I would completely agree with @chillminx our girls have always been loyal, they struggle more when we're away and tend to be more cautious of strangers, even though they don't seek affection as often they clearer are deeply bonded to us and miss having us around!


----------



## spotty cats (Jul 24, 2012)

Abys and Burmese get on well, I wouldn’t put a BSH with an Aby - you want to match energy levels.

I know lots of Aby and Burmese pairs along with several breeders who do both breeds and have spent loads of time with them over the years in their homes and at shows.

Our Oci’s are an Aby derived breed but much more affectionate and cuddly. They too blend well in Aby homes.
Our girls are just as smoochy, cuddly and affectionate as the boys.

Unusual your breeder allowed you to let her roam, usually there’s an indoor / enclosure clause. We don’t breed cats to be road kill


----------



## Gem79 (Jul 31, 2019)

She doesn’t breed them to be prisoners either.


----------



## Ottery (Jun 14, 2019)

I have had Burmese cats from many different breeders over the years and not a single one of them asked me to enclose them.

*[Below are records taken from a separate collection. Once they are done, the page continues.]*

lemma sais_simplex_invariant:
  fixes a :: "nat \<Rightarrow> nat \<Rightarrow> real" and p q :: "nat \<Rightarrow> real \<Rightarrow> real"
  assumes a: "\<And>i j. i < N \<Longrightarrow> j < N \<Longrightarrow> 0 \<le> a i j \<and> a i j \<le> 1"
    and rates: "0 \<le> \<beta>\<^sub>0" "0 \<le> \<beta>\<^sub>a" "0 \<le> \<kappa>" "0 \<le> \<delta>"
    and B: "0 \<le> B" "\<And>j s. j < N \<Longrightarrow> s \<in> {t\<^sub>0..T} \<Longrightarrow> \<bar>p j s\<bar> \<le> B \<and> \<bar>q j s\<bar> \<le> B"
    and dp: "\<And>i s. i < N \<Longrightarrow> s \<in> {t\<^sub>0..T} \<Longrightarrow> ((p i) has_real_derivative
           \<beta>\<^sub>0 * (1 - p i s - q i s) * (\<Sum>j<N. a i j * p j s)
            + \<beta>\<^sub>a * q i s * (\<Sum>j<N. a i j * p j s) - \<delta> * p i s) (at s within {t\<^sub>0..T})"
    and dq: "\<And>i s. i < N \<Longrightarrow> s \<in> {t\<^sub>0..T} \<Longrightarrow> ((q i) has_real_derivative
           \<kappa> * (1 - p i s - q i s) * (\<Sum>j<N. a i j * p j s)
            - \<beta>\<^sub>a * q i s * (\<Sum>j<N. a i j * p j s)) (at s within {t\<^sub>0..T})"
    and init: "\<And>i. i < N \<Longrightarrow> 0 \<le> p i t\<^sub>0 \<and> 0 \<le> q i t\<^sub>0 \<and> p i t\<^sub>0 + q i t\<^sub>0 \<le> 1"
    and "i < N" "s \<in> {t\<^sub>0..T}"
  shows "0 \<le> p i s \<and> 0 \<le> q i s \<and> p i s + q i s \<le> 1"
proof -
  define S where "S i s = (\<Sum>j<N. a i j * p j s)" for i s
  define Dp where "Dp i s = \<beta>\<^sub>0 * (1 - p i s - q i s) * S i s + \<beta>\<^sub>a * q i s * S i s - \<delta> * p i s" for i s
  define Dq where "Dq i s = \<kappa> * (1 - p i s - q i s) * S i s - \<beta>\<^sub>a * q i s * S i s" for i s
  define prob where "prob k s = (case k of (i, Infected) \<Rightarrow> p i s | (i, Alert) \<Rightarrow> q i s
                                   | (i, Susceptible) \<Rightarrow> 1 - p i s - q i s)" for k s
  define prob' where "prob' k s = (case k of (i, Infected) \<Rightarrow> Dp i s | (i, Alert) \<Rightarrow> Dq i s
                                   | (i, Susceptible) \<Rightarrow> - Dp i s - Dq i s)" for k s
  define I where "I = {..<N} \<times> {Infected, Alert, Susceptible}"
  define K where "K = 1 + 2 * B + real N * B"
  have K: "1 \<le> K" unfolding K_def using B(1) by simp
  have nonneg: "- prob k s \<le> 0" if "k \<in> I" "s \<in> {t\<^sub>0..T}" for k s
  proof (rule nonpos_by_comparison[where u' = "\<lambda>k s. - prob' k s", OF _ _ _ _ that])
    show "finite I" unfolding I_def by simp
  next
    fix k s assume "k \<in> I" "s \<in> {t\<^sub>0..T}"
    then obtain i m where k: "k = (i, m)" "i < N" unfolding I_def by blast
    note dp_i = dp[OF k(2) \<open>s \<in> _\<close>, folded S_def, folded Dp_def]
      and dq_i = dq[OF k(2) \<open>s \<in> _\<close>, folded S_def, folded Dq_def]
    show "((\<lambda>s. - prob k s) has_real_derivative - prob' k s) (at s within {t\<^sub>0..T})"
      unfolding prob_def prob'_def k
      by (cases m) (auto intro!: derivative_eq_intros dp_i dq_i)
  next
    fix k assume "k \<in> I"
    then obtain i m where "k = (i, m)" "i < N" unfolding I_def by blast
    then show "- prob k t\<^sub>0 \<le> 0" unfolding prob_def using init[of i] by (cases m) auto
  next
    fix k s c assume "k \<in> I" "t\<^sub>0 < s" "s \<le> T" "0 < c" and touch: "- prob k s = c"
      and all_le: "\<forall>j\<in>I. - prob j s \<le> c"
    then obtain i m where k: "k = (i, m)" "i < N" unfolding I_def by blast
    have s: "s \<in> {t\<^sub>0..T}" using \<open>t\<^sub>0 < s\<close> \<open>s \<le> T\<close> by simp
    have lower: "-c \<le> p j s" "-c \<le> q j s" "-c \<le> 1 - p j s - q j s" if "j < N" for j
      using all_le that unfolding I_def prob_def by force+
    have S_lower: "- (real N * c) \<le> S i s"
      using weighted_sum_ge_card[of "{..<N}" "a i" c "\<lambda>j. p j s"] a k(2) lower \<open>0 < c\<close>
      unfolding S_def by simp
    have S_abs: "\<bar>S i s\<bar> \<le> K"
      using abs_weighted_sum_le_card[of "{..<N}" "a i" "\<lambda>j. p j s" B] a k(2) B s
      unfolding S_def K_def by simp
    have pq_abs: "\<bar>1 - p i s - q i s\<bar> \<le> K" "\<bar>q i s\<bar> \<le> K"
      using B(2)[OF k(2) s] mult_nonneg_nonneg[OF of_nat_0_le_iff B(1), of N] unfolding K_def
      by (smt (verit))+
    note rate_bounds =
      sais_simplex_rate_bounds[OF rates \<open>0 < c\<close> K _ lower[OF k(2)] S_lower pq_abs S_abs]
    show "- prob' k s \<le> (\<beta>\<^sub>0 + \<beta>\<^sub>a + \<kappa> + \<delta>) * K * (real N + 1) * c"
      using touch rate_bounds unfolding prob_def prob'_def Dp_def Dq_def k
      by (cases m) auto
  qed
  have "0 \<le> prob (i, m) s" for m
    using nonneg[of "(i, m)" s] \<open>i < N\<close> \<open>s \<in> _\<close> unfolding I_def by (cases m) auto
  from this[of Infected] this[of Alert] this[of Susceptible] show ?thesis
    unfolding prob_def by simp
qed

lemma adjacency_matrix_entry_bounds:
  assumes "adjacency_matrix N a" "i < N" "j < N"
  shows "0 \<le> a i j \<and> a i j \<le> 1"
  using assms unfolding adjacency_matrix_def by force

I am sure all of us want our cats to have the best lives they can.


----------



## spotty cats (Jul 24, 2012)

Gem79 said:


> She doesn't breed them to be prisoners either.


I'm sorry your home would be a prison rather than a cat wonderland of toys, climbing spots, attention and affection


----------



## Gem79 (Jul 31, 2019)

it’s not so much the love and toys spotty Cats it’s those pesky walls!


----------



## chillminx (Nov 22, 2010)

I agree Gem79


----------



## Rufus15 (Dec 4, 2015)

Gem79 said:


> it's not so much the love and toys spotty Cats it's those pesky walls!


Darn those pesky walls, how dare they keep cats safe from poisoning, cars, theft, evil people, other animals....


----------



## Ottery (Jun 14, 2019)

I think we all have to weigh risk against quality of life for our cats. There is no right answer, it depends on the situation and the cat.


----------